И все, что я не сделал, — только это и успел сделать.
И не нужна мне середина, как не нужна истина.
И даже люди, ищущие смерти, не могут найти ее.

 


Многие подумают: «Как жаль, что Руслан так мало  прожил. Он мог бы написать что-нибудь фундаментальное — например,  поэму». Я думаю, Господь отпустил ему ровно столько, сколько мог. И  фрагменты, оставшиеся после поэта, позволяют нам судить о нем достаточно  обширно. Возьмем, например, фрагмент, приведенный выше. Это ведь почти  Евангелие на тему поэзии! Элинин мыслил парадоксами — раздвигая  пространство мысли в сторону, противоположную доминирующему вектору. Я  думаю, что у него был дар различать нюансы в похожих друг на друга  явлениях:

 


Дождь, дождь, дождь, дождь, дождь.
Дождь с ветром.
Ветер, дождь, ветер, дождь.
Редкий, редкий дождь.
Редкий дождь.
Дождь, дождь, дождь, дождь, дождь.
Я не могу видеть
твои слезы
Но я увижу
твои слезы

 


Все ли творческое наследие Руслана Элинина является,  без преувеличения, поэзией? Может быть, не все тексты автору вполне  удались. Да он и не ставил перед собой такой задачи. Поиск для него был  важнее совершенства. Главное, на мой взгляд, то, что поэтичным является  само мышление Руслана. «Поэзия… ее ищут повсюду… а находят в траве», —  так сказал на парижском Международном конгрессе писателей в защиту  культуры Борис Пастернак. Так вот, у Руслана Элинина было правильное,  «пастернаковское» понимание сущности поэзии. Это сейчас, в середине  «десятых» годов нового века, «салон «Классики ХХI-го века» звучит  привычно и понятно. А тогда, в середине девяностых, многих возмущало,  что кто-то заранее определяет малоизвестных писателей в классики  будущего века. Но вывеска сработала!
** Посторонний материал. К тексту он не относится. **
(* Let $0 \le q < p < 1$ and $s \in [0,1]$, and set $\alpha := p - q$ and $\rho := q/(1-\alpha)$. Consider the minimal random walk model: $\{X_i\}_{i\ge1}$ are $\{0,1\}$-valued with $P(X_1=1) = s$, and for each $n\ge1$, with $U_n$ uniform on $\{1,\dots,n\}$ (independent of everything else), if $X_{U_n}=1$ then $X_{n+1}=1$ with probability $p$ and $0$ otherwise, while if $X_{U_n}=0$ then $X_{n+1}=1$ with probability $q$ and $0$ otherwise. Let $H_n := \sum_{i=1}^n X_i$, and let $E_{p,q,s}$, $V_{p,q,s}$ denote expectation and variance for this model. Let $T_n$ be the random recursive tree on vertices $\{1,\dots,n\}$ (vertex $1$ alone initially; for $i=2,\dots,n$, vertex $i$ is joined to a uniformly chosen vertex among $\{1,\dots,i-1\}$), and perform Bernoulli bond percolation on $T_n$ in which each edge is retained independently with probability $\alpha$ and removed otherwise; denote expectation for this model by $E_\alpha$. Let $\mathcal{C}_{1,n}$ be the cluster containing vertex $1$, and let $\mathcal{C}_{1,n},\mathcal{C}_{2,n},\dots,\mathcal{C}_{n,n}$ be an enumeration of the clusters (setting $\mathcal{C}_{j,n} = \emptyset$ when $j$ exceeds the number of clusters). Then $$E_{p,q,s}[H_n] = \rho n + (s-\rho)\, E_\alpha[\#\mathcal{C}_{1,n}],$$ and $$V_{p,q,s}[H_n] = \rho(1-\rho)\sum_{j=1}^n E_\alpha[(\#\mathcal{C}_{j,n})^2] + (1-2\rho)(s-\rho)\, E_\alpha[(\#\mathcal{C}_{1,n})^2] - (s-\rho)^2\, (E_\alpha[\#\mathcal{C}_{1,n}])^2.$$
   Context: $\#\mathcal{C}$ denotes the number of vertices of a cluster $\mathcal{C}$. The enumeration of clusters other than $\mathcal{C}_{1,n}$ is arbitrary (e.g. by smallest vertex label); the formulas only involve $\mathcal{C}_{1,n}$ and sums over all clusters. *)

theory Defs
  imports "HOL-Probability.Probability"
begin
(* Let $f:\mathbb R^n\to\mathbb R$ be an SOS-convex polynomial. Assume $f=s+p$, where $s=\sum_{j=1}^n u_j$ for convex univariate polynomials $u_j$ in $x_j$ of degree at most $2d_j$, $j=1,\dots,n$, and $p$ is an SOS-convex polynomial on $\mathbb R^n$ of degree at most $2r$. If $f(\mathbf x)\ge0$ for all $\mathbf x\in\mathbb R^n$, then there exist $\sigma\in\Sigma[\mathbf x]_r$ and $\sigma_j\in\Sigma[x_j]_{d_j}$, $j=1,\dots,n$, such that $f=\sigma+\sum_{j=1}^n\sigma_j$.
   Context: A polynomial $f$ on $\mathbb R^n$ is SOS-convex if its Hessian $\nabla^2 f(\mathbf x)$ is an SOS matrix polynomial, i.e., $\nabla^2 f(\mathbf x)=F(\mathbf x)^TF(\mathbf x)$ for some matrix polynomial $F$ with $n$ columns; equivalently $f(\mathbf x)-f(\mathbf y)-\langle\nabla f(\mathbf y),\mathbf x-\mathbf y\rangle$ is a sum of squares in $(\mathbf x,\mathbf y)$. $\Sigma[\mathbf x]_r$ denotes the set of sums of squares of polynomials in $\mathbf x$ of degree at most $2r$, and $\Sigma[x_j]_{d_j}$ the set of sums of squares of univariate polynomials in $x_j$ of degree at most $2d_j$. *)

theory Defs
  imports "HOL-Analysis.Analysis" "HOL-Computational_Algebra.Polynomial"
begin

definition monom_val :: "real ^ 'i \<Rightarrow> ('i::finite \<Rightarrow> nat) \<Rightarrow> real" where
  "monom_val x \<alpha> = (\<Prod>i\<in>UNIV. (x $ i) ^ (\<alpha> i))"

definition mpoly_deg_le :: "nat \<Rightarrow> (real ^ 'i::finite \<Rightarrow> real) \<Rightarrow> bool" where
  "mpoly_deg_le k f \<longleftrightarrow> (\<exists>c :: ('i \<Rightarrow> nat) \<Rightarrow> real.
      f = (\<lambda>x. \<Sum>\<alpha>\<in>{\<alpha>. sum \<alpha> UNIV \<le> k}. c \<alpha> * monom_val x \<alpha>))"

definition mpoly :: "(real ^ 'i::finite \<Rightarrow> real) \<Rightarrow> bool" where
  "mpoly f \<longleftrightarrow> (\<exists>k. mpoly_deg_le k f)"

definition sos_le :: "nat \<Rightarrow> (real ^ 'i::finite \<Rightarrow> real) \<Rightarrow> bool" where
  "sos_le r f \<longleftrightarrow> (\<exists>qs. (\<forall>q\<in>set qs. mpoly_deg_le r q) \<and>
      f = (\<lambda>x. \<Sum>q\<leftarrow>qs. (q x)\<^sup>2))"

definition sos :: "(real ^ 'i::finite \<Rightarrow> real) \<Rightarrow> bool" where
  "sos f \<longleftrightarrow> (\<exists>r. sos_le r f)"

definition join_vec :: "real ^ 'i \<Rightarrow> real ^ 'i \<Rightarrow> real ^ ('i + 'i)" where
  "join_vec x y = (\<chi> k. case k of Inl a \<Rightarrow> x $ a | Inr b \<Rightarrow> y $ b)"

definition sos_convex :: "(real ^ 'i::finite \<Rightarrow> real) \<Rightarrow> bool" where
  "sos_convex f \<longleftrightarrow> mpoly f \<and> (\<exists>g :: real ^ 'i \<Rightarrow> real ^ 'i.
      (\<forall>y. (f has_derivative (\<lambda>h. g y \<bullet> h)) (at y)) \<and>
      (\<exists>F :: real ^ ('i + 'i) \<Rightarrow> real. sos F \<and>
         (\<forall>x y. F (join_vec x y) = f x - f y - g y \<bullet> (x - y))))"

definition uni_sos_le :: "nat \<Rightarrow> real poly \<Rightarrow> bool" where
  "uni_sos_le d p \<longleftrightarrow> (\<exists>qs. (\<forall>q\<in>set qs. degree q \<le> d) \<and> p = (\<Sum>q\<leftarrow>qs. q ^ 2))"

end

theory Submission
  imports Defs "HOL-Computational_Algebra.Fundamental_Theorem_Algebra"
begin

(* A convex polynomial that is bounded below attains its minimum, say at y. There the
   gradients of the separable part and of p cancel, so f is f(y) plus the first-order Taylor
   remainders at y of the u j and of p. Each remainder of a u j is a nonnegative univariate
   polynomial of degree at most 2 d j, hence a sum of squares of polynomials of degree at most
   d j. The remainder of p is a sum of squares by SOS-convexity; together with f(y) it has
   degree at most 2r + 1 along every ray from the origin, and since leading terms of squares
   cannot cancel, every polynomial squared in it has degree at most r. *)

lemma finite_multidegrees_le: "finite {\<alpha>::'i::finite \<Rightarrow> nat. sum \<alpha> UNIV \<le> k}"
proof (rule finite_subset)
  show "{\<alpha>::'i \<Rightarrow> nat. sum \<alpha> UNIV \<le> k} \<subseteq> (\<Pi>\<^sub>E i\<in>UNIV. {..k})"
    by (auto intro: order_trans[OF member_le_sum[of _ UNIV]])
  show "finite (\<Pi>\<^sub>E i\<in>(UNIV::'i set). {..k})"
    by (rule finite_PiE) auto
qed

lemma sum_multidegrees_le_by_degree:
  fixes g :: "('i::finite \<Rightarrow> nat) \<Rightarrow> 'a::comm_monoid_add"
  shows "(\<Sum>\<alpha>\<in>{\<alpha>. sum \<alpha> UNIV \<le> k}. g \<alpha>) = (\<Sum>m\<le>k. \<Sum>\<alpha>\<in>{\<alpha>. sum \<alpha> UNIV = m}. g \<alpha>)"
proof -
  have "(\<Sum>m\<le>k. \<Sum>\<alpha>\<in>{\<alpha>. sum \<alpha> UNIV = m}. g \<alpha>)
      = (\<Sum>m\<le>k. \<Sum>\<alpha>\<in>{\<alpha>\<in>{\<alpha>. sum \<alpha> UNIV \<le> k}. sum \<alpha> UNIV = m}. g \<alpha>)"
    by (intro sum.cong refl) auto
  also have "\<dots> = (\<Sum>\<alpha>\<in>{\<alpha>. sum \<alpha> UNIV \<le> k}. g \<alpha>)"
    by (rule sum.group) (auto simp: finite_multidegrees_le)
  finally show ?thesis by simp
qed

lemma mpoly_deg_le_monom_sum:
  fixes a :: "'b \<Rightarrow> real" and \<beta> :: "'b \<Rightarrow> 'i::finite \<Rightarrow> nat"
  assumes "finite A" and "\<And>b. b \<in> A \<Longrightarrow> sum (\<beta> b) UNIV \<le> k"
  shows "mpoly_deg_le k (\<lambda>x::real ^ 'i. \<Sum>b\<in>A. a b * monom_val x (\<beta> b))"
proof -
  define c where "c \<gamma> = (\<Sum>b\<in>{b\<in>A. \<beta> b = \<gamma>}. a b)" for \<gamma>
  have "(\<Sum>\<gamma>\<in>{\<alpha>. sum \<alpha> UNIV \<le> k}. c \<gamma> * monom_val x \<gamma>) = (\<Sum>b\<in>A. a b * monom_val x (\<beta> b))"
    for x
  proof -
    have "(\<Sum>\<gamma>\<in>{\<alpha>. sum \<alpha> UNIV \<le> k}. c \<gamma> * monom_val x \<gamma>)
       = (\<Sum>\<gamma>\<in>{\<alpha>. sum \<alpha> UNIV \<le> k}. \<Sum>b\<in>{b\<in>A. \<beta> b = \<gamma>}. a b * monom_val x (\<beta> b))"
      unfolding c_def sum_distrib_right by (intro sum.cong refl) auto
    also have "\<dots> = (\<Sum>b\<in>A. a b * monom_val x (\<beta> b))"
      by (rule sum.group) (use assms finite_multidegrees_le in auto)
    finally show ?thesis .
  qed
  then show ?thesis unfolding mpoly_deg_le_def by (intro exI[of _ c]) auto
qed

lemma mpoly_deg_le_const: "mpoly_deg_le k (\<lambda>x::real ^ 'i::finite. c)"
proof -
  have "mpoly_deg_le k (\<lambda>x::real ^ 'i. \<Sum>b\<in>{()}. c * monom_val x (\<lambda>i. 0))"
    by (rule mpoly_deg_le_monom_sum) auto
  then show ?thesis by (simp add: monom_val_def)
qed

lemma sum_UNIV_Plus:
  "sum g (UNIV :: ('a::finite + 'b::finite) set) = (\<Sum>i\<in>UNIV. g (Inl i)) + (\<Sum>i\<in>UNIV. g (Inr i))"
proof -
  have "sum g (UNIV :: ('a + 'b) set) = sum g (UNIV <+> UNIV)" by simp
  also have "\<dots> = (\<Sum>i\<in>UNIV. g (Inl i)) + (\<Sum>i\<in>UNIV. g (Inr i))"
    unfolding sum.Plus[OF finite finite] by (simp add: o_def)
  finally show ?thesis .
qed

lemma monom_val_join_vec:
  "monom_val (join_vec x y) \<alpha> = monom_val x (\<lambda>i. \<alpha> (Inl i)) * monom_val y (\<lambda>i. \<alpha> (Inr i))"
proof -
  have "monom_val (join_vec x y) \<alpha> = (\<Prod>k\<in>UNIV <+> UNIV. (join_vec x y $ k) ^ \<alpha> k)"
    unfolding monom_val_def by simp
  also have "\<dots> = monom_val x (\<lambda>i. \<alpha> (Inl i)) * monom_val y (\<lambda>i. \<alpha> (Inr i))"
    unfolding prod.Plus[OF finite finite] monom_val_def by (simp add: join_vec_def o_def)
  finally show ?thesis .
qed

lemma mpoly_deg_le_join_vec_left:
  assumes "mpoly_deg_le k (q :: real ^ ('i::finite + 'i) \<Rightarrow> real)"
  shows "mpoly_deg_le k (\<lambda>x. q (join_vec x y))"
proof -
  obtain c where q: "q = (\<lambda>z. \<Sum>\<alpha>\<in>{\<alpha>. sum \<alpha> UNIV \<le> k}. c \<alpha> * monom_val z \<alpha>)"
    using assms unfolding mpoly_deg_le_def by blast
  have "mpoly_deg_le k (\<lambda>x::real ^ 'i. \<Sum>\<alpha>\<in>{\<alpha>::'i + 'i \<Rightarrow> nat. sum \<alpha> UNIV \<le> k}.
           (c \<alpha> * monom_val y (\<lambda>i. \<alpha> (Inr i))) * monom_val x (\<lambda>i. \<alpha> (Inl i)))"
    by (rule mpoly_deg_le_monom_sum[OF finite_multidegrees_le]) (simp add: sum_UNIV_Plus)
  then show ?thesis unfolding q monom_val_join_vec by (simp add: mult_ac)
qed

lemma mpoly_deg_le_on_line:
  fixes q :: "real ^ 'i::finite \<Rightarrow> real"
  assumes "mpoly_deg_le k q"
  obtains P where "degree P \<le> k" and "\<And>t. q (x + t *\<^sub>R v) = poly P t"
proof -
  obtain c where q: "q = (\<lambda>z. \<Sum>\<alpha>\<in>{\<alpha>. sum \<alpha> UNIV \<le> k}. c \<alpha> * monom_val z \<alpha>)"
    using assms unfolding mpoly_deg_le_def by blast
  define P where "P = (\<Sum>\<alpha>\<in>{\<alpha>::'i \<Rightarrow> nat. sum \<alpha> UNIV \<le> k}.
                         smult (c \<alpha>) (\<Prod>i\<in>UNIV. [:x $ i, v $ i:] ^ \<alpha> i))"
  have "q (x + t *\<^sub>R v) = poly P t" for t
    unfolding q P_def by (simp add: poly_sum poly_prod monom_val_def algebra_simps)
  moreover have "degree P \<le> k"
    unfolding P_def
  proof (rule degree_sum_le)
    fix \<alpha> :: "'i \<Rightarrow> nat" assume "\<alpha> \<in> {\<alpha>. sum \<alpha> UNIV \<le> k}"
    have "degree (\<Prod>i\<in>UNIV. [:x $ i, v $ i:] ^ \<alpha> i) \<le> (\<Sum>i\<in>UNIV. degree ([:x $ i, v $ i:] ^ \<alpha> i))"
      using degree_prod_sum_le[of UNIV "\<lambda>i. [:x $ i, v $ i:] ^ \<alpha> i"] by (simp add: o_def)
    also have "\<dots> \<le> sum \<alpha> UNIV"
      by (intro sum_mono order_trans[OF degree_power_le]) simp
    finally show "degree (smult (c \<alpha>) (\<Prod>i\<in>UNIV. [:x $ i, v $ i:] ^ \<alpha> i)) \<le> k"
      using \<open>\<alpha> \<in> _\<close> degree_smult_le order_trans by fastforce
  qed (rule finite_multidegrees_le)
  ultimately show ?thesis using that by blast
qed

lemma monom_val_scaleR: "monom_val (t *\<^sub>R x) \<alpha> = t ^ sum \<alpha> UNIV * monom_val x \<alpha>"
  unfolding monom_val_def by (simp add: power_mult_distrib prod.distrib power_sum)

lemma sum_powers_eq_poly_imp_coeff:
  fixes a :: "nat \<Rightarrow> real"
  assumes "\<And>t. (\<Sum>m\<le>K. a m * t ^ m) = poly P t" and "m \<le> K"
  shows "a m = coeff P m"
proof -
  have "poly (\<Sum>m\<le>K. monom (a m) m) = poly P"
    using assms(1) by (simp add: poly_sum poly_monom fun_eq_iff)
  then have "(\<Sum>m\<le>K. monom (a m) m) = P"
    by (simp add: poly_eq_poly_eq_iff)
  then show ?thesis
    using assms(2) by (auto simp: coeff_sum coeff_monom)
qed

definition ray_degree_le :: "nat \<Rightarrow> (real ^ 'i::finite \<Rightarrow> real) \<Rightarrow> bool" where
  "ray_degree_le k q \<longleftrightarrow> (\<forall>x. \<exists>P. degree P \<le> k \<and> (\<forall>t. q (t *\<^sub>R x) = poly P t))"

lemma ray_degree_le_if_mpoly_deg_le: "mpoly_deg_le k q \<Longrightarrow> ray_degree_le k q"
  unfolding ray_degree_le_def by (metis mpoly_deg_le_on_line[of k q 0] add_0)

lemma ray_degree_le_mono: "ray_degree_le k q \<Longrightarrow> k \<le> l \<Longrightarrow> ray_degree_le l q"
  unfolding ray_degree_le_def by (meson order_trans)
(* Let $G$ be a groupoid with finite object set $G_0$, $A$ a unital ring and $\alpha=(A_g,\alpha_g)_{g\in G}$ a unital partial action of $G$ on $A$ with $A=\bigoplus_{e\in G_0}A_e$. Then the ring extension $A\subset A\star_\alpha G$ is separable if and only if, for every $[e]\in G_0/\!\sim$, the extension $A_{[e]}\subset A_{[e]}\star_{\alpha_{[e]}}G_{[e]}$ is separable, where $A_{[e]}=\bigoplus_{f\in[e]}A_f$ and $\alpha_{[e]}=(A_g,\alpha_g)_{g\in G_{[e]}}$.
   Context: A groupoid $G$ is a small category in which every morphism is invertible; $G_0$ is its object set (objects identified with identity morphisms), $s,t$ source and target; $gh$ is defined iff $s(g)=t(h)$; $G(e,f)$ is the set of morphisms from $e$ to $f$; $e\sim f$ iff $G(e,f)\neq\emptyset$; $G_{[e]}$ is the full subgroupoid on the class $[e]$. A unital partial action of $G$ on $A$ is a family $\alpha=(A_g,\alpha_g)_{g\in G}$ where $A_{t(g)}$ is a two-sided ideal of $A$, $A_g=A1_g$ is a two-sided ideal of $A_{t(g)}$ with $1_g$ a central idempotent of $A$, $\alpha_g:A_{g^{-1}}\to A_g$ a ring isomorphism, such that $\alpha_e=\mathrm{id}_{A_e}$ for $e\in G_0$, $\alpha_h^{-1}(A_{g^{-1}}\cap A_h)\subseteq A_{(gh)^{-1}}$ and $\alpha_g(\alpha_h(x))=\alpha_{gh}(x)$ for $x\in\alpha_h^{-1}(A_{g^{-1}}\cap A_h)$, whenever $s(g)=t(h)$. The partial skew groupoid ring $A\star_\alpha G=\bigoplus_{g\in G}A_g\delta_g$ has multiplication $(a_g\delta_g)(b_h\delta_h)=\alpha_g(\alpha_{g^{-1}}(a_g)b_h)\delta_{gh}$ if $s(g)=t(h)$ and $0$ otherwise; it is unital with $1=\sum_{e\in G_0}1_e\delta_e$, and $A$ is regarded as a subring via $a\mapsto\sum_{e\in G_0}(a1_e)\delta_e$. A ring extension $R\subseteq S$ (unital, same identity) is separable if the multiplication map $S\otimes_R S\to S$ splits as a map of $(S,S)$-bimodules; equivalently there exists $x\in S\otimes_R S$ with $m(x)=1_S$ and $sx=xs$ for all $s\in S$. *)

theory Defs
  imports "HOL-Algebra.Ideal"
begin

section \<open>Groupoids (objects identified with identity morphisms)\<close>

record 'g gpd =
  gmor :: "'g set"
  gobj :: "'g set"
  gsrc :: "'g \<Rightarrow> 'g"
  gtgt :: "'g \<Rightarrow> 'g"
  gcmp :: "'g \<Rightarrow> 'g \<Rightarrow> 'g"
  ginv :: "'g \<Rightarrow> 'g"

definition groupoid :: "'g gpd \<Rightarrow> bool" where
  "groupoid G \<longleftrightarrow>
     gobj G \<subseteq> gmor G \<and>
     (\<forall>g\<in>gmor G. gsrc G g \<in> gobj G \<and> gtgt G g \<in> gobj G) \<and>
     (\<forall>e\<in>gobj G. gsrc G e = e \<and> gtgt G e = e) \<and>
     (\<forall>g\<in>gmor G. \<forall>h\<in>gmor G. gsrc G g = gtgt G h \<longrightarrow>
        gcmp G g h \<in> gmor G \<and> gsrc G (gcmp G g h) = gsrc G h \<and> gtgt G (gcmp G g h) = gtgt G g) \<and>
     (\<forall>f\<in>gmor G. \<forall>g\<in>gmor G. \<forall>h\<in>gmor G. gsrc G f = gtgt G g \<longrightarrow> gsrc G g = gtgt G h \<longrightarrow>
        gcmp G (gcmp G f g) h = gcmp G f (gcmp G g h)) \<and>
     (\<forall>g\<in>gmor G. gcmp G g (gsrc G g) = g \<and> gcmp G (gtgt G g) g = g) \<and>
     (\<forall>g\<in>gmor G. ginv G g \<in> gmor G \<and> gsrc G (ginv G g) = gtgt G g \<and> gtgt G (ginv G g) = gsrc G g \<and>
        gcmp G g (ginv G g) = gtgt G g \<and> gcmp G (ginv G g) g = gsrc G g)"

definition obj_class :: "'g gpd \<Rightarrow> 'g \<Rightarrow> 'g set" where
  "obj_class G e = {f \<in> gobj G. \<exists>g\<in>gmor G. gsrc G g = e \<and> gtgt G g = f}"

definition sub_gpd :: "'g gpd \<Rightarrow> 'g \<Rightarrow> 'g gpd" where
  "sub_gpd G e = G\<lparr> gmor := {g \<in> gmor G. gsrc G g \<in> obj_class G e \<and> gtgt G g \<in> obj_class G e},
                    gobj := obj_class G e \<rparr>"

text \<open>D g is the ideal A_g, u g the central idempotent 1_g, act g the isomorphism alpha_g.\<close>
definition unital_partial_action ::
  "'g gpd \<Rightarrow> ('a, 'm) ring_scheme \<Rightarrow> ('g \<Rightarrow> 'a set) \<Rightarrow> ('g \<Rightarrow> 'a) \<Rightarrow> ('g \<Rightarrow> 'a \<Rightarrow> 'a) \<Rightarrow> bool" where
  "unital_partial_action G A D u act \<longleftrightarrow>
     (\<forall>g\<in>gmor G. ideal (D (gtgt G g)) A) \<and>
     (\<forall>g\<in>gmor G. u g \<in> carrier A \<and> u g \<otimes>\<^bsub>A\<^esub> u g = u g \<and>
                   (\<forall>a\<in>carrier A. a \<otimes>\<^bsub>A\<^esub> u g = u g \<otimes>\<^bsub>A\<^esub> a)) \<and>
     (\<forall>g\<in>gmor G. D g = {a \<otimes>\<^bsub>A\<^esub> u g | a. a \<in> carrier A}) \<and>
     (\<forall>g\<in>gmor G. D g \<subseteq> D (gtgt G g) \<and> additive_subgroup (D g) A \<and>
        (\<forall>x\<in>D (gtgt G g). \<forall>y\<in>D g. x \<otimes>\<^bsub>A\<^esub> y \<in> D g \<and> y \<otimes>\<^bsub>A\<^esub> x \<in> D g)) \<and>
     (\<forall>g\<in>gmor G. bij_betw (act g) (D (ginv G g)) (D g) \<and>
        (\<forall>x\<in>D (ginv G g). \<forall>y\<in>D (ginv G g).
            act g (x \<oplus>\<^bsub>A\<^esub> y) = act g x \<oplus>\<^bsub>A\<^esub> act g y \<and>
            act g (x \<otimes>\<^bsub>A\<^esub> y) = act g x \<otimes>\<^bsub>A\<^esub> act g y)) \<and>
     (\<forall>e\<in>gobj G. \<forall>x\<in>D e. act e x = x) \<and>
     (\<forall>g\<in>gmor G. \<forall>h\<in>gmor G. gsrc G g = gtgt G h \<longrightarrow>
        (\<forall>x\<in>D (ginv G h). act h x \<in> D (ginv G g) \<longrightarrow>
            x \<in> D (ginv G (gcmp G g h)) \<and> act g (act h x) = act (gcmp G g h) x))"

definition direct_sum_objs :: "'g gpd \<Rightarrow> ('a, 'm) ring_scheme \<Rightarrow> ('g \<Rightarrow> 'a set) \<Rightarrow> bool" where
  "direct_sum_objs G A D \<longleftrightarrow>
     (\<forall>a\<in>carrier A. \<exists>!c. (\<forall>e\<in>gobj G. c e \<in> D e) \<and> (\<forall>e. e \<notin> gobj G \<longrightarrow> c e = \<zero>\<^bsub>A\<^esub>) \<and>
                        a = finsum A c (gobj G))"

definition class_ring :: "'g gpd \<Rightarrow> ('a, 'm) ring_scheme \<Rightarrow> ('g \<Rightarrow> 'a set) \<Rightarrow> ('g \<Rightarrow> 'a) \<Rightarrow> 'g
    \<Rightarrow> ('a, 'm) ring_scheme" where
  "class_ring G A D u e = A\<lparr> carrier := {finsum A c (obj_class G e) | c. \<forall>f\<in>obj_class G e. c f \<in> D f},
                             one := finsum A u (obj_class G e) \<rparr>"

text \<open>Elements sum a_g delta_g are represented as finitely supported functions g to a_g in A_g.\<close>
definition skew_ring :: "'g gpd \<Rightarrow> ('a, 'm) ring_scheme \<Rightarrow> ('g \<Rightarrow> 'a set) \<Rightarrow> ('g \<Rightarrow> 'a)
    \<Rightarrow> ('g \<Rightarrow> 'a \<Rightarrow> 'a) \<Rightarrow> ('g \<Rightarrow> 'a) ring" where
  "skew_ring G A D u act =
     \<lparr> carrier = {x. (\<forall>g. g \<notin> gmor G \<longrightarrow> x g = \<zero>\<^bsub>A\<^esub>) \<and> finite {g \<in> gmor G. x g \<noteq> \<zero>\<^bsub>A\<^esub>} \<and>
                     (\<forall>g\<in>gmor G. x g \<in> D g)},
       mult = (\<lambda>x y k. if k \<in> gmor G then
                 finsum A (\<lambda>g. act g (act (ginv G g) (x g) \<otimes>\<^bsub>A\<^esub> y (gcmp G (ginv G g) k)))
                        {g \<in> gmor G. x g \<noteq> \<zero>\<^bsub>A\<^esub> \<and> gtgt G g = gtgt G k}
               else \<zero>\<^bsub>A\<^esub>),
       one = (\<lambda>g. if g \<in> gobj G then u g else \<zero>\<^bsub>A\<^esub>),
       zero = (\<lambda>g. \<zero>\<^bsub>A\<^esub>),
       add = (\<lambda>x y g. x g \<oplus>\<^bsub>A\<^esub> y g) \<rparr>"

definition skew_emb :: "'g gpd \<Rightarrow> ('a, 'm) ring_scheme \<Rightarrow> ('g \<Rightarrow> 'a) \<Rightarrow> 'a \<Rightarrow> 'g \<Rightarrow> 'a" where
  "skew_emb G A u a = (\<lambda>g. if g \<in> gobj G then a \<otimes>\<^bsub>A\<^esub> u g else \<zero>\<^bsub>A\<^esub>)"

text \<open>A formal sum of simple tensors, given as a list of pairs, is encoded by its integer
  coefficient function. Two formal sums denote the same element of S (x)_R S iff the difference
  of their coefficient functions lies in the subgroup generated by the balanced-bilinearity relations.\<close>

definition pt :: "'b \<times> 'b \<Rightarrow> 'b \<times> 'b \<Rightarrow> int" where
  "pt p = (\<lambda>q. if q = p then 1 else 0)"

inductive_set tensor_rel :: "('r, 'n) ring_scheme \<Rightarrow> ('b, 'k) ring_scheme \<Rightarrow> ('r \<Rightarrow> 'b)
    \<Rightarrow> ('b \<times> 'b \<Rightarrow> int) set"
  for R S phi where
  tr_zero: "(\<lambda>_. 0) \<in> tensor_rel R S phi"
| tr_add: "x \<in> tensor_rel R S phi \<Longrightarrow> y \<in> tensor_rel R S phi \<Longrightarrow> (\<lambda>p. x p + y p) \<in> tensor_rel R S phi"
| tr_neg: "x \<in> tensor_rel R S phi \<Longrightarrow> (\<lambda>p. - x p) \<in> tensor_rel R S phi"
| tr_left: "a \<in> carrier S \<Longrightarrow> b \<in> carrier S \<Longrightarrow> c \<in> carrier S \<Longrightarrow>
     (\<lambda>p. pt (a \<oplus>\<^bsub>S\<^esub> b, c) p - pt (a, c) p - pt (b, c) p) \<in> tensor_rel R S phi"
| tr_right: "a \<in> carrier S \<Longrightarrow> b \<in> carrier S \<Longrightarrow> c \<in> carrier S \<Longrightarrow>
     (\<lambda>p. pt (a, b \<oplus>\<^bsub>S\<^esub> c) p - pt (a, b) p - pt (a, c) p) \<in> tensor_rel R S phi"
| tr_mid: "a \<in> carrier S \<Longrightarrow> b \<in> carrier S \<Longrightarrow> r \<in> carrier R \<Longrightarrow>
     (\<lambda>p. pt (a \<otimes>\<^bsub>S\<^esub> phi r, b) p - pt (a, phi r \<otimes>\<^bsub>S\<^esub> b) p) \<in> tensor_rel R S phi"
Все должно было произойти согласно  знаменитой поступательной пирамиде Кандинского: сегодня — авангард,  завтра, по мере увеличения количества понимающих — классика! (См. статью  Василия Кандинского «О духовном в искусстве».) Оглядываясь назад, все  более явственно понимаю: поддержка авангардных течений в поэзии —  настоящее подвижничество. Авангардистов не понимают современники, у них  меньше творческих удач, поскольку они все время ищут новые пути и  рискуют качеством. Поэтому наличие такого оазиса авангардной поэзии в  самом сердце Москвы, в шаговой доступности от станции метро, сразу  выдвинуло Руслана Элинина и его супругу Елену Пахомову в ряды тех, на  ком держится современный литературный процесс. А «Классики ХХI-го века»  до сих пор, как вечная память о верном Руслане, являются литературной  Меккой столицы. И теперь, окончательно «войдя» календарно в ХХI-й век,  салон стал культивировать у себя все стили и направления современной  русской поэзии.